Detailed Analysis of the Transition Path
The transition from a managed Terraform environment to a GitHub Actions-driven environment is not merely a change of tools, but a change in operational philosophy. The user moves from being a consumer of a platform to being the architect of a platform.
The impact of this shift is most evident in the lifecycle of a pull request. In a managed environment, the VCS integration automatically triggers a plan and presents it in a dedicated UI. In the GitHub Actions model, the engineer must define the on: pull_request trigger, configure the hashicorp/setup-terraform action, execute terraform plan, and then use a mechanism (such as stefanproctor/terraform-pr-comment or similar) to post the plan results back to the pull request for review.

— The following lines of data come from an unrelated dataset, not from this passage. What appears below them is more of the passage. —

text \<open>Only 2N \<le> D + 1 is assumed: adjoining M gives D + 1 independent Paulis, so the parity
  of D never enters.\<close>

lemma full_rank_gram_commutant_trivial:
  fixes A :: "bit mat"
  assumes A: "A \<in> carrier_mat D D" and rank: "vec_space.rank D A = D"
    and gram: "\<And>b c. b < D \<Longrightarrow> c < D \<Longrightarrow> A $$ (b, c) = of_nat (sp N (f b) (f c))"
    and pauli: "\<And>c. c < D \<Longrightarrow> is_pauli N (f c)" and dim: "2 * N \<le> D + 1"
    and M: "is_pauli N M" and comm: "\<And>c. c < D \<Longrightarrow> sp N M (f c) = 0"
  shows "M = pI"
proof (rule ccontr)
  assume "M \<noteq> pI"
  let ?f = "f(D := M)"
  have pauli': "is_pauli N (?f c)" if "c \<in> {..<Suc D}" for c
    using that M pauli by (cases "c = D") auto
  note indep = full_rank_gram_extend_independent[OF A rank gram \<open>M \<noteq> pI\<close> comm]
  have "sp N M Q = 0" if Q: "is_pauli N Q" for Q
  proof -
    obtain C where C: "C \<subseteq> {..<Suc D}" "pprod ?f C = Q"
      using independent_family_spans[OF _ pauli' _ indep Q] dim by auto
    have "sp N M (?f c) = 0" if "c \<in> C" for c
      using that C(1) comm by (cases "c = D") auto
    then show ?thesis
      using C sp_pprod_right[of C N M ?f] finite_subset by auto
  qed
  then have "M = pI"
    by (rule sp_nondegenerate[OF M])
  with \<open>M \<noteq> pI\<close> show False ..
qed

lemma is_pauli_pI [simp]: "is_pauli N pI"
  unfolding is_pauli_def pI_def by simp

lemma is_pauli_tensor: "is_pauli N1 A \<Longrightarrow> is_pauli N2 B \<Longrightarrow> is_pauli (N1 + N2) (tensor N1 A B)"
  unfolding is_pauli_def tensor_def by auto

lemma is_pauli_Zop: "a < N \<Longrightarrow> is_pauli N (Zop a)"
  unfolding is_pauli_def Zop_def by auto

lemma tensor_pI [simp]: "tensor N pI pI = pI"
  unfolding tensor_def pI_def by simp

lemma tensor_eq_pI_right: "tensor N A B = pI \<Longrightarrow> B = pI"
  unfolding tensor_def pI_def fun_eq_iff by (metis add_diff_cancel_left' not_add_less1)

lemma weight_eq_0_iff: "is_pauli N P \<Longrightarrow> weight N P = 0 \<longleftrightarrow> P = pI"
  unfolding weight_def is_pauli_def pI_def fun_eq_iff by (auto simp: not_le) (metis linorder_not_less)

lemma clifford_pI: "clifford N U \<Longrightarrow> U pI = pI"
  unfolding clifford_def by (metis is_pauli_pI pmul_self)

lemma clifford_eq_pI_imp_eq_pI:
  assumes "clifford N U" "is_pauli N P" "U P = pI"
  shows "P = pI"
proof -
  have "inj_on U {P. is_pauli N P}"
    using assms(1) unfolding clifford_def by (blast dest: bij_betw_imp_inj_on)
  moreover have "U P = U pI"
    using assms by (simp add: clifford_pI)
  ultimately show ?thesis
    using assms(2) by (auto dest: inj_onD)
qed

lemma sd_edge_sp_shift:
  assumes enc: "implements_encoding n k m h l g U" and "k \<le> n"
    and g_pauli: "\<forall>i\<in>{1..n-k}. \<forall>j\<in>{1..<l i}. is_pauli m (g i j)"
    and edge: "sd_edge n k m U M M' L pI"
    and i: "i \<in> {1..n-k}" and j: "j < l i"
  shows "sp m M (gext g l i j) = sp m M' (gext g l i (Suc j))"
proof -
  have cl: "clifford (m + n) U"
    using enc unfolding implements_encoding_def by simp
  obtain S where S: "is_Zstring (n - k) S"
    and US: "U (tensor m M (tensor (n - k) S L)) = tensor n pI M'"
    using edge unfolding sd_edge_def by blast
  define Z where "Z = (if j = 0 then Zop (i - 1) else pI)"
  let ?X = "tensor m M (tensor (n - k) S L)"
  let ?G = "tensor m (gext g l i j) (tensor (n - k) Z pI)"
  have UG: "U ?G = tensor n (hext h l i (Suc j)) (gext g l i (Suc j))"
    using enc i j unfolding implements_encoding_def Z_def by simp
  have dims: "m + n = m + ((n - k) + k)"
    using \<open>k \<le> n\<close> by simp
  have "is_pauli (m + n) ?X"
    using edge S unfolding sd_edge_def is_Zstring_def dims by (simp add: is_pauli_tensor)
  moreover have "is_pauli (m + n) ?G"
    using g_pauli i unfolding dims gext_def Z_def
    by (auto intro!: is_pauli_tensor is_pauli_Zop)
  ultimately have "sp (m + n) ?X ?G = sp (m + n) (U ?X) (U ?G)"
    using cl unfolding clifford_def by simp
  \<comment> \<open>Z-type ancilla strings commute, and the physical output of the edge is trivial\<close>
  moreover have "sp (m + n) ?X ?G = sp m M (gext g l i j)"
  proof -
    have "\<forall>i. \<not> fst (Z i)"
      by (simp add: Z_def Zop_def pI_def)
    then show ?thesis
      using S sp_less_2[of m M "gext g l i j"] unfolding is_Zstring_def dims sp_tensor
      by (simp add: sp_Z_type)
  qed
  moreover have "sp (m + n) (U ?X) (U ?G) = sp m M' (gext g l i (Suc j))"
    using sp_tensor[of n m] sp_less_2[of m M' "gext g l i (Suc j)"] unfolding US UG
    by (simp add: add.commute)
  ultimately show ?thesis
    by simp
qed
definition clocked_search_rf :: "recf \<Rightarrow> nat \<Rightarrow> recf" where
  "clocked_search_rf r n =
     (let R = Comp r (Proj 2 # Proj 1 # map Proj [3..<3 + n])
      in Comp (Prec Zero (ifz_rf (Proj 0)
                (ifz_rf R (const_rf 1) (ifz_rf (pred_rf R) (suc_rf (suc_rf (Proj 1))) Zero)) (Proj 0)))
           (suc_rf (Proj 0) # map Proj [0..<0 + Suc n]))"

lemma prim_rec_clocked_search:
  "prim_rec (\<lambda>_. 0) (\<lambda>ys. if ys ! 0 = 0
        then if G (ys ! 2 # ys ! 1 # drop 3 ys) = 0 then 1
             else if G (ys ! 2 # ys ! 1 # drop 3 ys) - 1 = 0 then Suc (Suc (ys ! 1)) else 0
        else ys ! 0) m (s # ys)
   = clocked_search (\<lambda>y. G (s # y # ys)) m"
  by (induction m) (simp_all add: numeral_3_eq_3)

lemma computes_clocked_search_rf:
  assumes r: "computes Z r (Suc (Suc n)) G"
  shows "computes Z (clocked_search_rf r n) (Suc n)
           (\<lambda>xs. clocked_search (\<lambda>y. G (hd xs # y # tl xs)) (Suc (hd xs)))"
proof -
  let ?R = "Comp r (Proj 2 # Proj 1 # map Proj [3..<3 + n])"
  let ?G = "\<lambda>ys. G (ys ! 2 # ys ! 1 # drop 3 ys)"
  let ?step = "\<lambda>ys. if ys ! 0 = 0 then if ?G ys = 0 then 1 else if ?G ys - 1 = 0 then Suc (Suc (ys ! 1)) else 0
      else ys ! 0"
  have "computes Z (Proj 2) (3 + n) (\<lambda>ys. ys ! 2)" "computes Z (Proj 1) (3 + n) (\<lambda>ys. ys ! 1)"
    by (auto intro!: computes_Proj)
  from computes_Comp_drop2[OF r this]
  have R: "computes Z ?R (Suc (Suc (Suc n))) ?G"
    by (rule computes_cong_arity) simp_all
  have "computes Z (Prec Zero (ifz_rf (Proj 0)
        (ifz_rf ?R (const_rf 1) (ifz_rf (pred_rf ?R) (suc_rf (suc_rf (Proj 1))) Zero)) (Proj 0)))
      (Suc (Suc n)) (\<lambda>zs. prim_rec (\<lambda>_. 0) ?step (hd zs) (tl zs))"
    by (intro computes_Prec computes_Zero computes_ifz_rf computes_Proj R computes_const_rf
        computes_pred_rf computes_suc_rf) simp_all
  from computes_Comp_drop1[OF this computes_suc_rf[OF computes_Proj], of 0]
  show ?thesis
    unfolding clocked_search_rf_def Let_def
  proof (rule computes_cong_arity)
    fix xs :: "nat list" assume "length xs = Suc n"
    then obtain s ys where "xs = s # ys" by (cases xs) auto
    then show "prim_rec (\<lambda>_. 0) ?step (hd (Suc (xs ! 0) # drop 0 xs)) (tl (Suc (xs ! 0) # drop 0 xs))
        = clocked_search (\<lambda>y. G (hd xs # y # tl xs)) (Suc (hd xs))"
      by (simp only: list.sel nth_Cons_0 drop_0 prim_rec_clocked_search)
  qed simp_all
qed
lemma sums_Hs_squared_shift_weight:
  assumes "\<alpha> > real j"
  shows "(\<lambda>n. Hs (real (Suc n) + \<alpha>) ^ 2 * (1 / real (Suc n) - 1 / (real (Suc n) + real j))) sums
     (Hs \<alpha> ^ 3 + Hs \<alpha> * Hsm 2 \<alpha> + Hs \<alpha> * zeta_nat 2
      - Hs (\<alpha> - real j) ^ 3 - Hs (\<alpha> - real j) * Hsm 2 (\<alpha> - real j)
      - Hs (\<alpha> - real j) * zeta_nat 2
      + (\<Sum>i=1..j. Hs (\<alpha> + real i - real j) / (\<alpha> + real i - real j) ^ 2)
      - (real j - \<alpha>) * (\<Sum>i=1..j. Hs (\<alpha> + real i - real j) ^ 2 / (real i * (\<alpha> + real i - real j))))"
proof -
  define F where "F x = Hs x ^ 3 + Hs x * Hsm 2 x + Hs x * zeta_nat 2" for x
  have "(\<lambda>n. (Hs (real (Suc n) + x) ^ 2 - Hs (real n + x) ^ 2) / real (Suc n)) sums
          (F x - F (x - 1) - Hs x ^ 2 / x + Hs x / x ^ 2)" if "x > 1" for x
  proof -
    have "Hs (x - 1) = Hs x - 1 / x" "Hsm 2 (x - 1) = Hsm 2 x - 1 / x ^ 2"
      using that by (simp_all add: Hs_minus_one Hsm_minus_one)
    hence increment_sum: "F x - F (x - 1) - Hs x ^ 2 / x + Hs x / x ^ 2
        = 2 * ((Hs x ^ 2 + Hsm 2 x) / x) - (Hs x / x ^ 2 - (zeta_nat 2 - Hsm 2 x) / x)"
      using that unfolding F_def by (simp add: divide_simps power2_eq_square power3_eq_cube) algebra
    show ?thesis unfolding increment_sum using that by (intro sums_Hs_squared_increment) simp
  qed
  from sums_shift_weight_closed_form[OF assms this Hs_squared_shift_over_tendsto_zero] assms
  show ?thesis by (simp add: F_def algebra_simps)
qed

theorem mainTheorem18:
  fixes k :: nat and \<alpha> :: real
  assumes "k \<ge> 1" and "\<alpha> > real k"
  shows
   "((\<lambda>n. Hs (real (Suc n) + \<alpha>) / (real (Suc n) * real ((Suc n + k) choose k))) sums
      (\<Sum>j=1..k. (-1) ^ (j+1) * real (k choose j) *
        (Hs \<alpha> ^ 2 + Hsm 2 \<alpha> - Hs (\<alpha> - real j) ^ 2 - Hsm 2 (\<alpha> - real j)
         - (real j - \<alpha>) * (\<Sum>i=1..j. Hs (\<alpha> + real i - real j) / (real i * (\<alpha> + real i - real j))))))
    \<and>
    ((\<lambda>n. Hsm 2 (real (Suc n) + \<alpha>) / (real (Suc n) * real ((Suc n + k) choose k))) sums
      (\<Sum>j=1..k. (-1) ^ (j+1) * real (k choose j) *
        (2 * Hsm 3 \<alpha> + Hs (\<alpha> - real j) * zeta_nat 2 + 2 * Hs \<alpha> * Hsm 2 \<alpha>
         - 2 * Hsm 3 (\<alpha> - real j) - Hs \<alpha> * zeta_nat 2
         - 2 * Hs (\<alpha> - real j) * Hsm 2 (\<alpha> - real j)
         - (real j - \<alpha>) * (\<Sum>i=1..j. Hsm 2 (\<alpha> + real i - real j) / (real i * (\<alpha> + real i - real j)))
         - (\<Sum>i=1..j. Hs (\<alpha> + real i - real j) / (\<alpha> + real i - real j) ^ 2))))
    \<and>
    ((\<lambda>n. Hs (real (Suc n) + \<alpha>) ^ 2 / (real (Suc n) * real ((Suc n + k) choose k))) sums
      (\<Sum>j=1..k. (-1) ^ (j+1) * real (k choose j) *
        (Hs \<alpha> ^ 3 + Hs \<alpha> * Hsm 2 \<alpha> + Hs \<alpha> * zeta_nat 2
         - Hs (\<alpha> - real j) ^ 3 - Hs (\<alpha> - real j) * Hsm 2 (\<alpha> - real j)
         - Hs (\<alpha> - real j) * zeta_nat 2
         + (\<Sum>i=1..j. Hs (\<alpha> + real i - real j) / (\<alpha> + real i - real j) ^ 2)
         - (real j - \<alpha>) * (\<Sum>i=1..j. Hs (\<alpha> + real i - real j) ^ 2 / (real i * (\<alpha> + real i - real j))))))"
proof -
  have "\<alpha> > real j" if "j \<in> {1..k}" for j
    using that assms by auto
  thus ?thesis
    by (intro conjI sums_over_binomial[OF assms(1)]
        sums_Hs_shift_weight sums_Hsm2_shift_weight sums_Hs_squared_shift_weight)
qed

end
lemma non_induced_alt_paths_fraction_le:
  fixes K \<epsilon> :: real
  assumes "simple_graph V E" "k \<ge> 2" "K > 0" "\<epsilon> > 0"
    and deg: "\<forall>v\<in>V. \<delta> \<le> cross_deg V A B E v \<and> cross_deg V A B E v \<le> \<Delta>"
    and regular: "\<Delta> / (2 * K) \<le> real \<delta> - real k"
    and pairs: "\<And>X Y. X \<subseteq> V \<Longrightarrow> Y \<subseteq> V \<Longrightarrow> card X \<le> \<Delta> \<Longrightarrow> card Y \<le> \<Delta> \<Longrightarrow>
      real (cross_edges X Y E) \<le> \<epsilon> / ((real k + 1)\<^sup>2 * (2 * K) ^ k) * real \<Delta> ^ 2"
  shows "card {p \<in> alt_paths V A B E k. \<not> induced_path E p} \<le> \<epsilon> * card (alt_paths V A B E k)"
proof -
  have "card {p \<in> alt_paths V A B E k. \<not> induced_path E p}
      \<le> (real k + 1)\<^sup>2 *
        (card V * real \<Delta> ^ (k - 2) * (\<epsilon> / ((real k + 1)\<^sup>2 * (2 * K) ^ k) * real \<Delta> ^ 2))"
    using deg \<open>K > 0\<close> \<open>\<epsilon> > 0\<close> by (intro card_non_induced_alt_paths_le[OF assms(1) _ _ pairs]) auto
  also have "\<dots> = \<epsilon> * (card V * (\<Delta> / (2 * K)) ^ k)"
  proof -
    have "real \<Delta> ^ (k - 2) * real \<Delta> ^ 2 = real \<Delta> ^ k"
      by (simp only: power_add[symmetric] le_add_diff_inverse2[OF \<open>k \<ge> 2\<close>])
    then show ?thesis using \<open>K > 0\<close> by (simp add: power_divide field_simps)
  qed
  also have "\<dots> \<le> \<epsilon> * (card V * (real \<delta> - real k) ^ k)"
    using regular \<open>K > 0\<close> \<open>\<epsilon> > 0\<close> by (intro mult_left_mono power_mono) auto
  also have "\<dots> \<le> \<epsilon> * card (alt_paths V A B E k)"
  proof -
    have "0 \<le> \<Delta> / (2 * K)" using \<open>K > 0\<close> by simp
    then have "k \<le> \<delta>" using regular by linarith
    then have "card V * (real \<delta> - real k) ^ k = real (card V * (\<delta> - k) ^ k)"
      by (simp add: of_nat_diff)
    also have "\<dots> \<le> card (alt_paths V A B E k)"
      using card_alt_paths_ge[OF assms(1), of \<delta> A B k] deg by (simp only: of_nat_le_iff) blast
    finally show ?thesis using \<open>\<epsilon> > 0\<close> by simp
  qed
  finally show ?thesis .
qed

lemma cross_edges_le_card_mult_Max_cross_deg:
  assumes "simple_graph V E" "A \<subseteq> V"
  shows "cross_edges A B E \<le> card V * Max (cross_deg V A B E ` V)"
proof -
  have "finite V" "finite A" using assms finite_subset by (auto simp: simple_graph_def)
  have "{(a, b). a \<in> A \<and> b \<in> B \<and> E a b} \<subseteq> Sigma A (neighbours V (crossing A B E))"
    using assms unfolding simple_graph_def neighbours_def crossing_def by blast
  then have "cross_edges A B E \<le> (\<Sum>a\<in>A. cross_deg V A B E a)"
    unfolding cross_edges_def cross_deg_eq_card_neighbours
    using card_mono[of "Sigma A (neighbours V (crossing A B E))"] \<open>finite V\<close> \<open>finite A\<close>
    by (simp add: neighbours_def)
  also have "\<dots> \<le> card A * Max (cross_deg V A B E ` V)"
  proof -
    have "cross_deg V A B E a \<le> Max (cross_deg V A B E ` V)" if "a \<in> A" for a
      using that assms(2) \<open>finite V\<close> by (intro Max_ge) auto
    then show ?thesis using sum_bounded_above[of A "cross_deg V A B E"] by simp
  qed
  also have "\<dots> \<le> card V * Max (cross_deg V A B E ` V)"
    using card_mono[OF \<open>finite V\<close> assms(2)] by simp
  finally show ?thesis .
qed

lemma induced_alt_paths_ge:
  fixes k s :: nat and K \<epsilon> :: real
  defines "\<eta> \<equiv> \<epsilon> / ((real k + 1)\<^sup>2 * (2 * K) ^ k)"
  assumes "simple_graph V E" "\<not> contains_Kss V E s" "k \<ge> 2" "s \<ge> 1" "K > 0" "\<epsilon> > 0" "V \<noteq> {}"
    and regular: "almost_regular K V (cross_deg V A B E)"
    and large: "2 * real s / \<eta> + (2 * real s / \<eta>) ^ (s + 1) + 2 * real k * K
      \<le> Max (cross_deg V A B E ` V)"
  shows "(1 - \<epsilon>) * card (alt_paths V A B E k) \<le> card {p \<in> alt_paths V A B E k. induced_path E p}"
proof -
  define \<Delta> where "\<Delta> = Max (cross_deg V A B E ` V)"
  define \<delta> where "\<delta> = Min (cross_deg V A B E ` V)"
  have "finite V" using assms(2) by (simp add: simple_graph_def)
  have "\<eta> > 0" unfolding \<eta>_def using \<open>K > 0\<close> \<open>\<epsilon> > 0\<close> by simp
  then have "0 \<le> 2 * real s / \<eta>" "0 \<le> (2 * real s / \<eta>) ^ (s + 1)" "0 \<le> 2 * real k * K"
    using \<open>K > 0\<close> by simp_all
  then have threshold: "2 * real s / \<eta> + (2 * real s / \<eta>) ^ (s + 1) \<le> \<Delta>" and "2 * real k * K \<le> \<Delta>"
    using large unfolding \<Delta>_def by linarith+
  have pairs: "real (cross_edges X Y E) \<le> \<eta> * real \<Delta> ^ 2"
    if "X \<subseteq> V" "Y \<subseteq> V" "card X \<le> \<Delta>" "card Y \<le> \<Delta>" for X Y
    by (rule Kss_free_cross_edges_le[OF _ _ that(1,2) _ assms(3) _ _ _ _ threshold])
      (use that assms(2) \<open>finite V\<close> \<open>\<eta> > 0\<close> \<open>s \<ge> 1\<close> in
        \<open>auto simp: simple_graph_def intro: finite_subset\<close>)
  have almost_regular: "\<Delta> / (2 * K) \<le> real \<delta> - real k"
  proof -
    have "\<Delta> \<le> K * \<delta>" using regular unfolding almost_regular_def \<Delta>_def \<delta>_def .
    then show ?thesis using \<open>2 * real k * K \<le> \<Delta>\<close> \<open>K > 0\<close> by (simp add: field_simps)
  qed
  have "\<forall>v\<in>V. \<delta> \<le> cross_deg V A B E v \<and> cross_deg V A B E v \<le> \<Delta>"
    using \<open>finite V\<close> unfolding \<Delta>_def \<delta>_def by simp
  from non_induced_alt_paths_fraction_le[OF assms(2,4,6,7) this almost_regular
      pairs[unfolded \<eta>_def]]
  have "card {p \<in> alt_paths V A B E k. \<not> induced_path E p} \<le> \<epsilon> * card (alt_paths V A B E k)" .
  moreover have "card (alt_paths V A B E k)
      = card {p \<in> alt_paths V A B E k. induced_path E p}
        + card {p \<in> alt_paths V A B E k. \<not> induced_path E p}"
    using finite_walks[of V] assms(2)
    by (subst card_Un_disjoint[symmetric])
      (auto simp: simple_graph_def alt_paths_eq_distinct_walks intro: arg_cong[where f = card])
  ultimately show ?thesis by (simp add: algebra_simps)
qed

theorem lemma4p7:
  fixes k s :: nat and K \<epsilon> :: real
  assumes "k \<ge> 2" and "s \<ge> 2" and "K > 0" and "\<epsilon> > 0"
  shows "\<exists>C > 0. \<forall>(V :: nat set) (E :: nat \<Rightarrow> nat \<Rightarrow> bool) A B.
     simple_graph V E \<longrightarrow> \<not> contains_Kss V E s \<longrightarrow>
     A \<union> B = V \<longrightarrow> A \<inter> B = {} \<longrightarrow>
     real (cross_edges A B E) \<ge> C * real (card V) powr (1 + 1 / real k) \<longrightarrow>
     almost_regular K V (cross_deg V A B E) \<longrightarrow>
     real (card {p \<in> alt_paths V A B E k. induced_path E p})
       \<ge> (1 - \<epsilon>) * real (card (alt_paths V A B E k))"
proof -
  define \<eta> where "\<eta> = \<epsilon> / ((real k + 1)\<^sup>2 * (2 * K) ^ k)"
  define C where "C = 2 * real s / \<eta> + (2 * real s / \<eta>) ^ (s + 1) + 2 * real k * K"
  have "C > 0" unfolding C_def \<eta>_def using assms by (simp add: add_pos_nonneg)
  show ?thesis
  proof (intro exI[of _ C] conjI allI impI \<open>C > 0\<close>)
    fix V E A B
    assume G: "simple_graph V E" and Kss_free: "\<not> contains_Kss V E s" and "A \<union> B = V"
      and dense: "real (cross_edges A B E) \<ge> C * real (card V) powr (1 + 1 / real k)"
      and regular: "almost_regular K V (cross_deg V A B E)"
    show "(1 - \<epsilon>) * real (card (alt_paths V A B E k))
      \<le> card {p \<in> alt_paths V A B E k. induced_path E p}"
    proof (cases "V = {}")
      case True
      then have "alt_paths V A B E k = {}" by (auto simp: alt_paths_def)
      then show ?thesis by simp
    next
      case False
      then have "card V \<ge> 1" using G by (simp add: Suc_le_eq card_gt_0_iff simple_graph_def)
      then have "C * card V \<le> C * card V powr (1 + 1 / real k)"
        using \<open>C > 0\<close> powr_mono[of 1 "1 + 1 / real k" "card V"] by simp
      also have "\<dots> \<le> card V * real (Max (cross_deg V A B E ` V))"
        using dense cross_edges_le_card_mult_Max_cross_deg[OF G, of A B] \<open>A \<union> B = V\<close>
        by (metis Un_upper1 of_nat_le_iff of_nat_mult order_trans)
      finally have "C \<le> Max (cross_deg V A B E ` V)" using \<open>card V \<ge> 1\<close> by (simp add: mult.commute)
      with assms(2) show ?thesis
        unfolding C_def \<eta>_def
        by (intro induced_alt_paths_ge[OF G Kss_free assms(1) _ assms(3,4) False regular]) simp_all
    qed
  qed
qed

end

Furthermore, the lack of a managed state means the engineer must handle the "state lock" failure. If a GitHub Action job is cancelled mid-apply, the state lock may remain active. In HCP Terraform, this is handled by the platform. In GitHub Actions, the engineer must manually intervene using terraform force-unlock or implement sophisticated error-handling scripts within the workflow to ensure the environment is cleaned up.
Conclusion
The ability to operate Terraform via GitHub Actions without the requirement of HCP Terraform is entirely feasible and provides a high degree of flexibility and integration. However, this autonomy comes at the cost of increased operational complexity. The removal of the managed service means that the responsibility for state persistence, concurrency locking, secret rotation, and policy enforcement shifts entirely to the user.
The success of this model depends on the rigorous implementation of a remote backend (such as GCS or S3) and the adoption of modern security practices like OIDC. While the hashicorp/setup-terraform action simplifies the installation and execution of the CLI, it does not replace the governance features of a dedicated infrastructure orchestration platform. Ultimately, the choice depends on the maturity of the team: those who prioritize rapid, repo-centric automation and have the expertise to build their own guardrails will find GitHub Actions superior, while those requiring centralized governance and reduced operational overhead will continue to rely on managed solutions.